Changing surface charge with salicylate differentiates between subgroups of calcium-antagonists.

Sodium salicylate (5-10 mM) has been used to distinguish the effects of the three calcium-antagonist subgroups which had been previously differentiated in functional studies. Sodium salicylate (10 mM) reduced the antagonistic effects of verapamil and diltiazem on Ca2+-induced contractions of K+ (40 mM)-depolarized taenia preparations from the guinea-pig caecum. In contrast, salicylate had no effect on the potency of nifedipine and increased the inhibitory effects of cinnarizine and flunarizine. Sodium salicylate (10 mM) had little effect on Ca2+-induced contractions per se. In preparations pretreated with calcium-antagonists and recontracted with high concentrations of Ca2+, salicylate (5 mM) caused an additional contraction when the preparations had been pretreated with verapamil or diltiazem but had no effect in control or nifedipine-treated preparations. In contrast, salicylate relaxed Ca2+-induced contractions in tissues which had been pretreated with cinnarizine, flunarizine, pimozide, bepridil, fendiline, perhexiline and with the calmodulin antagonist W-7. The mechanism of action of salicylate was investigated.

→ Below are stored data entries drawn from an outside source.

(* Let $m\ge1$, $F(x)=|x^h|^2$ and $G(x)=-x^3$ on $\Omega=\mathbb R^2\times\,]0,1[$. Let $(\widetilde\varrho_\varepsilon)_{0<\varepsilon\le1}$ be a family of positive functions on $\Omega$ solving $\Pi(\widetilde\varrho_\varepsilon(x))=\varepsilon^{2(m-1)}F(x)+\varepsilon^mG(x)$ for all $x\in\Omega$. Then there exist $\varepsilon_0>0$ and $0<\rho_*<1$ such that $\widetilde\varrho_\varepsilon(x)\ge\rho_*$ for all $\varepsilon\in\,]0,\varepsilon_0]$ and all $x\in\Omega$.
   Context: Points of $\Omega$ are $x=(x^h,x^3)$ with $x^h\in\mathbb R^2$. The pressure is $p(\varrho,\vartheta)=\vartheta^{5/2}P(\varrho/\vartheta^{3/2})+\frac a3\vartheta^4$ with $a>0$, where $P\in C^1([0,\infty))\cap C^2(]0,\infty[)$, $P(0)=0$, $P'(Z)>0$ for all $Z\ge0$, $0<\big(\frac53P(Z)-P'(Z)Z\big)/Z<c$ for all $Z>0$, and $\lim_{Z\to+\infty}P(Z)/Z^{5/3}=P_\infty>0$. Fix a constant $\overline\vartheta>0$ and set $\Pi(\varrho):=\int_1^\varrho\frac{\partial_\varrho p(z,\overline\vartheta)}{z}dz$ for $\varrho>0$. *)

theory Defs
  imports "HOL-Analysis.Analysis"
begin

definition pressure :: "(real \<Rightarrow> real) \<Rightarrow> real \<Rightarrow> real \<Rightarrow> real \<Rightarrow> real" where
  "pressure P a \<rho> \<theta> = \<theta> powr (5/2) * P (\<rho> / \<theta> powr (3/2)) + a / 3 * \<theta> ^ 4"

definition oint :: "real \<Rightarrow> real \<Rightarrow> (real \<Rightarrow> real) \<Rightarrow> real" where
  "oint a b f = (if a \<le> b then integral {a..b} f else - integral {b..a} f)"

definition Pi_fun :: "(real \<Rightarrow> real) \<Rightarrow> real \<Rightarrow> real \<Rightarrow> real \<Rightarrow> real" where
  "Pi_fun P a \<theta>b \<rho> = oint 1 \<rho> (\<lambda>z. deriv (\<lambda>r. pressure P a r \<theta>b) z / z)"

text \<open>Domain Omega = R^2 x ]0,1[, points x = (x^h, x^3).\<close>
definition Omega :: "((real^2) \<times> real) set" where
  "Omega = UNIV \<times> {0<..<1}"

definition Ffun :: "(real^2) \<times> real \<Rightarrow> real" where
  "Ffun x = (norm (fst x))^2"

definition Gfun :: "(real^2) \<times> real \<Rightarrow> real" where
  "Gfun x = - snd x"

end

theory Submission
  imports Defs
begin

text \<open>Since \<open>\<partial>\<^sub>\<rho>p(z,\<theta>) = \<theta> P'(z / \<theta>^(3/2))\<close> and \<open>P'\<close> attains a positive minimum
  \<open>k\<close> on \<open>[0, \<theta>^(-3/2)]\<close>, for \<open>0 < r \<le> 1\<close> we get
  \<open>\<Pi>(r) = - \<integral>\<^sub>r\<^sup>1 \<partial>\<^sub>\<rho>p(z,\<theta>) / z dz \<le> \<theta> k ln r\<close>, so \<open>\<Pi>(r) \<rightarrow> -\<infinity>\<close> as \<open>r \<rightarrow> 0\<close>.
  The right-hand side \<open>\<epsilon>^(2(m-1)) F + \<epsilon>^m G\<close> is at least \<open>-1\<close> on \<open>\<Omega>\<close> for \<open>\<epsilon> \<le> 1\<close>,
  which keeps \<open>\<rho>\<close> away from \<open>0\<close>.\<close>

lemma has_integral_inverse_unit_interval:
  fixes r :: real
  assumes "0 < r" "r \<le> 1"
  shows "((\<lambda>z. 1 / z) has_integral (- ln r)) {r..1}"
proof -
  have "((\<lambda>z. 1 / z) has_integral (ln 1 - ln r)) {r..1}"
  proof (rule fundamental_theorem_of_calculus)
    fix z assume "z \<in> {r..1}"
    then have "z > 0" using assms by auto
    then show "(ln has_vector_derivative 1 / z) (at z within {r..1})"
      by (auto intro!: derivative_eq_intros
          simp: has_real_derivative_iff_has_vector_derivative[symmetric])
  qed (use assms in simp)
  then show ?thesis by simp
qed

lemma oint_le_ln:
  fixes f :: "real \<Rightarrow> real"
  assumes "0 < r" "r \<le> 1" "f integrable_on {r..1}"
    and "\<And>z. z \<in> {r..1} \<Longrightarrow> k / z \<le> f z"
  shows "oint 1 r f \<le> k * ln r"
proof -
  have ln_int: "((\<lambda>z. k * (1 / z)) has_integral k * (- ln r)) {r..1}"
    using has_integral_inverse_unit_interval[OF assms(1,2)] by (rule has_integral_mult_right)
  have "k * (- ln r) \<le> integral {r..1} f"
    by (rule has_integral_le[OF ln_int integrable_integral[OF assms(3)]]) (use assms(4) in simp)
  moreover have "oint 1 r f = - integral {r..1} f"
    using assms(2) by (cases "r = 1") (auto simp: oint_def)
  ultimately show ?thesis by simp
qed

lemma deriv_pressure:
  assumes "\<theta> > 0" and "(P has_real_derivative D) (at (z / \<theta> powr (3/2)))"
  shows "deriv (\<lambda>r. pressure P a r \<theta>) z = \<theta> * D"
proof -
  define s where "s = \<theta> powr (3/2)"
  have "s > 0" using assms(1) by (simp add: s_def)
  have "((\<lambda>r. P (r / s)) has_real_derivative D * (1 / s)) (at z)"
    using assms(2) unfolding s_def[symmetric]
    by (rule DERIV_chain2) (use \<open>s > 0\<close> in \<open>auto intro!: derivative_eq_intros\<close>)
  then have has_deriv:
    "((\<lambda>r. pressure P a r \<theta>) has_real_derivative \<theta> powr (5/2) * (D * (1 / s))) (at z)"
    unfolding pressure_def s_def[symmetric] by (auto intro!: derivative_eq_intros)
  have "\<theta> powr (5/2) * (D * (1 / s)) = (\<theta> powr (5/2) / s) * D" by simp
  also have "\<dots> = \<theta> * D" using assms(1) by (simp add: s_def powr_diff[symmetric])
  finally show ?thesis using has_deriv by (simp add: DERIV_imp_deriv)
qed

lemma Pi_fun_le_ln:
  fixes P P' :: "real \<Rightarrow> real"
  assumes "\<theta> > 0"
    and P_deriv: "\<And>Z. Z > 0 \<Longrightarrow> (P has_real_derivative P' Z) (at Z)"
    and P'_cont: "continuous_on {0..} P'"
    and P'_pos: "\<And>Z. Z \<ge> 0 \<Longrightarrow> P' Z > 0"
  obtains K where "K > 0" "\<And>r. 0 < r \<Longrightarrow> r \<le> 1 \<Longrightarrow> Pi_fun P a \<theta> r \<le> K * ln r"
proof -
  define s where "s = \<theta> powr (3/2)"
  have "s > 0" using \<open>\<theta> > 0\<close> by (simp add: s_def)
  have "continuous_on {0..1/s} P'" using P'_cont by (rule continuous_on_subset) auto
  then obtain z0 where "z0 \<in> {0..1/s}" and z0_min: "\<And>y. y \<in> {0..1/s} \<Longrightarrow> P' z0 \<le> P' y"
    using continuous_attains_inf[of "{0..1/s}" P'] \<open>s > 0\<close> by auto
  define k where "k = P' z0"
  have "k > 0" using \<open>z0 \<in> {0..1/s}\<close> P'_pos by (simp add: k_def)
  define f where "f z = deriv (\<lambda>r. pressure P a r \<theta>) z / z" for z
  have f_eq: "f z = \<theta> * P' (z / s) / z" if "z > 0" for z
    using deriv_pressure[OF \<open>\<theta> > 0\<close> P_deriv] that \<open>s > 0\<close> by (simp add: f_def s_def)
  have "Pi_fun P a \<theta> r \<le> (\<theta> * k) * ln r" if "0 < r" "r \<le> 1" for r
    unfolding Pi_fun_def f_def[symmetric]
  proof (rule oint_le_ln[OF that])
    have "continuous_on {r..1} (\<lambda>z. \<theta> * P' (z / s) / z)"
      using \<open>0 < r\<close> \<open>s > 0\<close>
      by (auto intro!: continuous_intros continuous_on_compose2[OF P'_cont] simp: divide_nonneg_pos)
    then show "f integrable_on {r..1}"
      by (rule integrable_eq[OF integrable_continuous_interval]) (use \<open>0 < r\<close> f_eq in auto)
  next
    fix z assume z: "z \<in> {r..1}"
    then have "z / s \<in> {0..1/s}" using \<open>0 < r\<close> \<open>s > 0\<close> by (auto simp: divide_right_mono)
    then have "\<theta> * k \<le> \<theta> * P' (z / s)"
      using z0_min \<open>\<theta> > 0\<close> by (simp add: k_def)
    then show "\<theta> * k / z \<le> f z" using z \<open>0 < r\<close> f_eq by (simp add: divide_right_mono)
  qed
  then show ?thesis using \<open>\<theta> > 0\<close> \<open>k > 0\<close> by (intro that[of "\<theta> * k"]) auto
qed

lemma source_term_ge_neg_one:
  assumes "0 < \<epsilon>" "\<epsilon> \<le> 1" "m \<ge> 0" "x \<in> Omega"
  shows "\<epsilon> powr n * Ffun x + \<epsilon> powr m * Gfun x \<ge> -1"
proof -
  have "\<epsilon> powr m \<le> 1" by (rule powr_le1) (use assms in auto)
  moreover have "0 < snd x" "snd x < 1" using assms(4) by (auto simp: Omega_def)
  ultimately have "\<epsilon> powr m * snd x \<le> 1" by (simp add: mult_le_one)
  moreover have "\<epsilon> powr n * Ffun x \<ge> 0" by (simp add: Ffun_def)
  ultimately show ?thesis by (simp add: Gfun_def)
qed

theorem lemma2p2:
  fixes P P' P'' :: "real \<Rightarrow> real" and a c Pinf \<theta>b m :: real
    and \<rho> :: "real \<Rightarrow> (real^2) \<times> real \<Rightarrow> real"
  assumes a_pos: "a > 0"
    and thb_pos: "\<theta>b > 0"
    and P_cont: "continuous_on {0..} P"
    and P_deriv: "\<And>Z. Z \<ge> 0 \<Longrightarrow> (P has_real_derivative P' Z) (at Z within {0..})"
    and P'_cont: "continuous_on {0..} P'"
    and P'_deriv: "\<And>Z. Z > 0 \<Longrightarrow> (P' has_real_derivative P'' Z) (at Z)"
    and P''_cont: "continuous_on {0<..} P''"
    and P0: "P 0 = 0"
    and P'_pos: "\<And>Z. Z \<ge> 0 \<Longrightarrow> P' Z > 0"
    and P_bounds: "\<And>Z. Z > 0 \<Longrightarrow> 0 < (5/3 * P Z - P' Z * Z) / Z \<and> (5/3 * P Z - P' Z * Z) / Z < c"
    and P_lim: "((\<lambda>Z. P Z / Z powr (5/3)) \<longlongrightarrow> Pinf) at_top"
    and Pinf_pos: "Pinf > 0"
    and m_ge: "m \<ge> 1"
    and rho_pos: "\<And>\<epsilon> x. 0 < \<epsilon> \<Longrightarrow> \<epsilon> \<le> 1 \<Longrightarrow> x \<in> Omega \<Longrightarrow> \<rho> \<epsilon> x > 0"
    and rho_eq: "\<And>\<epsilon> x. 0 < \<epsilon> \<Longrightarrow> \<epsilon> \<le> 1 \<Longrightarrow> x \<in> Omega \<Longrightarrow>
        Pi_fun P a \<theta>b (\<rho> \<epsilon> x) = \<epsilon> powr (2 * (m - 1)) * Ffun x + \<epsilon> powr m * Gfun x"
  shows "\<exists>\<epsilon>0 > 0. \<exists>\<rho>s. 0 < \<rho>s \<and> \<rho>s < 1 \<and>
           (\<forall>\<epsilon>\<in>{0<..\<epsilon>0}. \<forall>x\<in>Omega. \<rho> \<epsilon> x \<ge> \<rho>s)"
proof -
  have P_deriv_at: "(P has_real_derivative P' Z) (at Z)" if "Z > 0" for Z
    using P_deriv[of Z] at_within_interior[of Z "{0..}"] that by simp
  obtain K where "K > 0" and Pi_le: "\<And>r. 0 < r \<Longrightarrow> r \<le> 1 \<Longrightarrow> Pi_fun P a \<theta>b r \<le> K * ln r"
    using Pi_fun_le_ln[where a = a, OF thb_pos P_deriv_at P'_cont P'_pos] by blast
  define \<rho>s where "\<rho>s = exp (- 1 / K)"
  have "0 < \<rho>s" "\<rho>s < 1" using \<open>K > 0\<close> by (auto simp: \<rho>s_def)
  moreover have "\<rho> \<epsilon> x \<ge> \<rho>s" if "\<epsilon> \<in> {0<..1}" "x \<in> Omega" for \<epsilon> x
  proof (rule ccontr)
    assume "\<not> \<rho> \<epsilon> x \<ge> \<rho>s"
    then have "0 < \<rho> \<epsilon> x" "\<rho> \<epsilon> x < \<rho>s" using rho_pos that by auto
    then have "ln (\<rho> \<epsilon> x) < ln \<rho>s" using \<open>0 < \<rho>s\<close> by simp
    then have "ln (\<rho> \<epsilon> x) < - 1 / K" by (simp add: \<rho>s_def)
    then have "K * ln (\<rho> \<epsilon> x) < K * (- 1 / K)" using \<open>K > 0\<close> by (rule mult_strict_left_mono)
    then have "K * ln (\<rho> \<epsilon> x) < -1" using \<open>K > 0\<close> by simp
    moreover have "Pi_fun P a \<theta>b (\<rho> \<epsilon> x) \<le> K * ln (\<rho> \<epsilon> x)"
      using \<open>0 < \<rho> \<epsilon> x\<close> \<open>\<rho> \<epsilon> x < \<rho>s\<close> \<open>\<rho>s < 1\<close> by (intro Pi_le) auto
    moreover have "Pi_fun P a \<theta>b (\<rho> \<epsilon> x) = \<epsilon> powr (2 * (m - 1)) * Ffun x + \<epsilon> powr m * Gfun x"
      using rho_eq that by auto
    moreover have "\<epsilon> powr (2 * (m - 1)) * Ffun x + \<epsilon> powr m * Gfun x \<ge> -1"
      using source_term_ge_neg_one[of \<epsilon> m x] m_ge that by auto
    ultimately show False by linarith
  qed
  ultimately show ?thesis by (intro exI[of _ 1] exI[of _ \<rho>s]) auto
qed

end
lemma not_good_cycle_cases:
  assumes k: "2 \<le> k" and x: "x \<in> hom_cycles V E (2 * k)" and bad: "x \<notin> good_cycles (2 * k) \<tau>"
  obtains i d where "i < 2 * k" "d \<in> {2..2 * k - 2}" "x i = x ((i + d) mod (2 * k))"
  | i where "i < 2 * k" "x i \<noteq> x ((i + 2) mod (2 * k))"
      "\<tau> < real (codegree V E (x i) (x ((i + 2) mod (2 * k))))"
proof (cases "inj_on x {0..<2 * k}")
  case False
  then obtain a b where ab: "a < b" "b < 2 * k" "x a = x b"
    unfolding inj_on_def by (metis atLeastLessThan_iff linorder_neqE_nat)
  have adj: "E (x j) (x ((j + 1) mod (2 * k)))" if "j < 2 * k" for j
    using x that by (auto simp: hom_cycles_def)
  have "b \<noteq> a + 1"
    using adj[of a] ab adj_irrefl by auto
  moreover have "b - a \<noteq> 2 * k - 1"
  proof
    assume "b - a = 2 * k - 1"
    then have "a = 0" "b = 2 * k - 1"
      using ab by auto
    then show False
      using adj[of "2 * k - 1"] ab adj_irrefl k by auto
  qed
  ultimately have "b - a \<in> {2..2 * k - 2}" "(a + (b - a)) mod (2 * k) = b"
    using ab by auto
  then show ?thesis
    using that(1)[of a "b - a"] ab by auto
next
  case True
  then obtain i where i: "i < 2 * k" "\<tau> < real (codegree V E (x i) (x ((i + 2) mod (2 * k))))"
    using x bad by (auto simp: good_cycles_def not_le)
  have "(i + 2) mod (2 * k) \<noteq> i"
    using i k by (cases "i + 2 < 2 * k") (auto simp: mod_if)
  moreover have "(i + 2) mod (2 * k) < 2 * k"
    using k by simp
  ultimately have "x i \<noteq> x ((i + 2) mod (2 * k))"
    using True i by (metis atLeastLessThan_iff inj_onD zero_le)
  then show ?thesis
    using that(2) i by blast
qed

definition repeated_vertex_cycles :: "nat \<Rightarrow> (nat \<Rightarrow> 'a) set" where
  "repeated_vertex_cycles k = (\<Union>i<2 * k. \<Union>d\<in>{2..2 * k - 2}.
     {x \<in> hom_cycles V E (2 * k). x i = x ((i + d) mod (2 * k))})"

definition large_codegree_cycles :: "nat \<Rightarrow> real \<Rightarrow> (nat \<Rightarrow> 'a) set" where
  "large_codegree_cycles k \<tau> = (\<Union>i<2 * k. {x \<in> hom_cycles V E (2 * k). x i \<noteq> x ((i + 2) mod (2 * k))
     \<and> \<tau> < real (codegree V E (x i) (x ((i + 2) mod (2 * k))))})"

lemma hom_cycles_subset_good_or_bad:
  assumes "2 \<le> k"
  shows "hom_cycles V E (2 * k) \<subseteq> good_cycles (2 * k) \<tau> \<union> repeated_vertex_cycles k \<union> large_codegree_cycles k \<tau>"
proof
  fix x
  assume x: "x \<in> hom_cycles V E (2 * k)"
  show "x \<in> good_cycles (2 * k) \<tau> \<union> repeated_vertex_cycles k \<union> large_codegree_cycles k \<tau>"
  proof (cases "x \<in> good_cycles (2 * k) \<tau>")
    case False
    then show ?thesis
      using x unfolding repeated_vertex_cycles_def large_codegree_cycles_def
      by (elim not_good_cycle_cases[OF assms x]) blast+
  qed simp
qed

lemma card_repeated_vertex_cycles_le:
  assumes k: "2 \<le> k" and \<Delta>: "0 \<le> \<Delta>" and deg: "\<And>v. v \<in> V \<Longrightarrow> real (degree V E v) \<le> \<Delta>"
  shows "real (card (repeated_vertex_cycles k)) \<le> 4 * real k ^ 2 * \<Delta> * closed_walks (k - 1)"
proof -
  let ?S = "closed_walks (k - 1)"
  have "real (card (repeated_vertex_cycles k))
      \<le> real (\<Sum>i<2 * k. \<Sum>d\<in>{2..2 * k - 2}. card {x \<in> hom_cycles V E (2 * k). x i = x ((i + d) mod (2 * k))})"
    unfolding repeated_vertex_cycles_def
    by (rule of_nat_mono, rule order_trans[OF card_UN_le], simp, rule sum_mono, rule card_UN_le) simp
  also have "\<dots> \<le> (\<Sum>i<2 * k. \<Sum>d\<in>{2..2 * k - 2}. \<Delta> * ?S)"
    unfolding of_nat_sum using card_cycles_repeat_at_le[OF k _ _ _ deg] by (intro sum_mono) auto
  also have "\<dots> = real (2 * k) * real (card {2..2 * k - 2}) * (\<Delta> * ?S)"
    by simp
  also have "\<dots> \<le> real (2 * k) * real (2 * k) * (\<Delta> * ?S)"
    using \<Delta> log_convex_seq.nonneg[OF log_convex_closed_walks] by (intro mult_right_mono mult_left_mono) auto
  finally show ?thesis
    by (simp add: power2_eq_square)
qed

Inhibition of prostaglandin biosynthesis or of oxidative phosphorylation by salicylate was not responsible for these effects because indomethacin (28 microM) and 2,4-dinitrophenol (20 microM) did not differentiate between calcium antagonists. The effects of salicylate are ascribed to an increase in negative surface charge on the membrane because other agents changing surface charge (3,5-dichlorosalicylate, 0.3 mM; benzoate, 20 mM) have similar effects and their potency is dependent on their affinity for lipid membranes. Furthermore, salicylate increased the effectiveness of the cationic local anaesthetic, (+)-propranolol (100 microM), but did not change the effects of the neutral local anesthetic, benzocaine (1 mM). It is argued that salicylate increases the effectiveness of cinnarizine by increasing accumulation of this drug in the cell membrane or at intracellular sites whereas the reduced effectiveness of verapamil and diltiazem is secondary to a change in the state of the Ca2+ channel.